lemma agent_KL_le_C0:
  assumes "j \<in> agents n" and "\<theta> \<in> \<Theta>" and "\<theta>s \<in> \<Theta>" and "\<theta> \<noteq> \<theta>s"
  shows "agent_KL \<theta> \<theta>s j \<le> C0 n S L \<Theta>"
proof -
  let ?A = "{ln (L i w \<theta>1 / L i w \<theta>2) | i w \<theta>1 \<theta>2.
              i \<in> agents n \<and> \<theta>1 \<in> \<Theta> \<and> \<theta>2 \<in> \<Theta> \<and> \<theta>1 \<noteq> \<theta>2 \<and> w \<in> S i}"
  have "?A \<subseteq> (\<lambda>(i, w, \<theta>1, \<theta>2). ln (L i w \<theta>1 / L i w \<theta>2)) ` (SIGMA i:agents n. S i \<times> \<Theta> \<times> \<Theta>)"
    by force
  moreover have "finite (SIGMA i:agents n. S i \<times> \<Theta> \<times> \<Theta>)"
    using fin_S fin_Theta by (intro finite_SigmaI) auto
  ultimately have fin: "finite ?A"
    by (meson finite_imageI finite_subset)
  have "L j w \<theta>s * ln (L j w \<theta>s / L j w \<theta>) \<le> L j w \<theta>s * C0 n S L \<Theta>" if w: "w \<in> S j" for w
  proof -
    have pos: "L j w \<theta> > 0" "L j w \<theta>s > 0"
      using lik_pos assms w by auto
    have "Min ?A \<le> ln (L j w \<theta> / L j w \<theta>s)"
      using fin assms w by (intro Min_le) blast+
    then have "ln (L j w \<theta>s / L j w \<theta>) \<le> C0 n S L \<Theta>"
      using pos by (simp add: C0_def ln_div)
    then show ?thesis
      using pos by (intro mult_left_mono) auto
  qed
  then have "agent_KL \<theta> \<theta>s j \<le> (\<Sum>w\<in>S j. L j w \<theta>s * C0 n S L \<Theta>)"
    unfolding agent_KL_def KL_def by (rule sum_mono)
  also have "\<dots> = C0 n S L \<Theta>"
    using lik_sum assms by (simp add: sum_distrib_right[symmetric])
  finally show ?thesis .
qed

lemma C0_nonneg:
  assumes "i \<in> agents n" and "\<theta> \<in> \<Theta>" and "\<theta>s \<in> \<Theta>" and "\<theta> \<noteq> \<theta>s"
  shows "C0 n S L \<Theta> \<ge> 0"
  using agent_KL_nonneg[OF assms(1-3)] agent_KL_le_C0[OF assms] by linarith

lemma C1_nonneg_le_sum_agent_KL:
  assumes "\<theta> \<in> \<Theta>" and "\<theta>s \<in> \<Theta>" and "\<theta> \<noteq> \<theta>s"
  shows "C1 n S L \<Theta> \<ge> 0"
    and "C1 n S L \<Theta> \<le> (\<Sum>j\<in>agents n. agent_KL \<theta> \<theta>s j)"
proof -
  let ?A = "{(\<Sum>i\<in>agents n. KL (S i) (\<lambda>w. L i w \<theta>') (\<lambda>w. L i w \<theta>)) | \<theta> \<theta>'.
              \<theta> \<in> \<Theta> \<and> \<theta>' \<in> \<Theta> \<and> \<theta> \<noteq> \<theta>'}"
  have "?A \<subseteq> (\<lambda>(\<theta>, \<theta>'). \<Sum>i\<in>agents n. KL (S i) (\<lambda>w. L i w \<theta>') (\<lambda>w. L i w \<theta>)) ` (\<Theta> \<times> \<Theta>)"
    by force
  then have fin: "finite ?A"
    using fin_Theta by (meson finite_SigmaI finite_imageI finite_subset)
  have mem: "(\<Sum>j\<in>agents n. agent_KL \<theta> \<theta>s j) \<in> ?A"
    unfolding agent_KL_def using assms by blast
  show "C1 n S L \<Theta> \<le> (\<Sum>j\<in>agents n. agent_KL \<theta> \<theta>s j)"
    unfolding C1_def using fin mem by (rule Min_le)
  obtain \<eta> \<eta>' where "\<eta> \<in> \<Theta>" "\<eta>' \<in> \<Theta>"
    and "C1 n S L \<Theta> = (\<Sum>j\<in>agents n. agent_KL \<eta> \<eta>' j)"
    using Min_in[OF fin] mem unfolding C1_def agent_KL_def by blast
  then show "C1 n S L \<Theta> \<ge> 0"
    by (simp add: sum_nonneg agent_KL_nonneg)
qed

lemma expected_log_ratio_0: "expected_log_ratio \<theta> \<theta>s t 0 j = 0"
  by (simp add: expected_log_ratio_def expect_star_def)

lemma expect_star_log_lik_ratio:
  assumes "j \<in> agents n" and "r \<in> {1..t}" and "\<theta> \<in> \<Theta>" and "\<theta>s \<in> \<Theta>"
  shows "expect_star n S L \<theta>s t (\<lambda>\<omega>. ln (L j (\<omega> (j, r)) \<theta> / L j (\<omega> (j, r)) \<theta>s))
       = - agent_KL \<theta> \<theta>s j"
proof -
  have "expect_star n S L \<theta>s t (\<lambda>\<omega>. ln (L j (\<omega> (j, r)) \<theta> / L j (\<omega> (j, r)) \<theta>s))
      = (\<Sum>w\<in>S j. L j w \<theta>s * ln (L j w \<theta> / L j w \<theta>s))"
    using assms by (intro expect_star_signal) auto
  also have "\<dots> = (\<Sum>w\<in>S j. - (L j w \<theta>s * ln (L j w \<theta>s / L j w \<theta>)))"
    using lik_pos assms by (intro sum.cong) (auto simp: ln_div algebra_simps)
  finally show ?thesis
    by (simp add: agent_KL_def KL_def sum_negf)
qed

lemma expected_log_ratio_Suc:
  assumes "\<theta> \<in> \<Theta>" and "\<theta>s \<in> \<Theta>" and "s < t" and j: "j \<in> agents n"
  shows "expected_log_ratio \<theta> \<theta>s t (Suc s) j
       = (\<Sum>l\<in>agents n. bfl_weight n E j l * expected_log_ratio \<theta> \<theta>s t s l)
         - real (Suc s) * agent_KL \<theta> \<theta>s j"
proof -
  have "expected_log_ratio \<theta> \<theta>s t (Suc s) j = expect_star n S L \<theta>s t (\<lambda>\<omega>.
          (\<Sum>r\<in>{1..Suc s}. ln (L j (\<omega> (j, r)) \<theta> / L j (\<omega> (j, r)) \<theta>s))
        + (\<Sum>l\<in>agents n. bfl_weight n E j l *
             ln (bfl_belief n E \<Theta> L \<omega> s l \<theta> / bfl_belief n E \<Theta> L \<omega> s l \<theta>s)))"
    unfolding expected_log_ratio_def
    by (rule expect_star_cong, rule bfl_log_ratio_Suc) (use assms in auto)
  also have "\<dots> = (\<Sum>r\<in>{1..Suc s}. - agent_KL \<theta> \<theta>s j)
      + (\<Sum>l\<in>agents n. bfl_weight n E j l * expected_log_ratio \<theta> \<theta>s t s l)"
    unfolding expect_star_add expect_star_sum expect_star_cmult expected_log_ratio_def
    using expect_star_log_lik_ratio assms by simp
  finally show ?thesis
    by simp
qed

■ ■ ■ ■

Task description →
Extract every line of the records above that contains the word "lemma".

Exercise response →
lemma agent_KL_le_C0:
lemma C0_nonneg:
lemma C1_nonneg_le_sum_agent_KL:
lemma expected_log_ratio_0: "expected_log_ratio \<theta> \<theta>s t 0 j = 0"
lemma expect_star_log_lik_ratio:
lemma expected_log_ratio_Suc:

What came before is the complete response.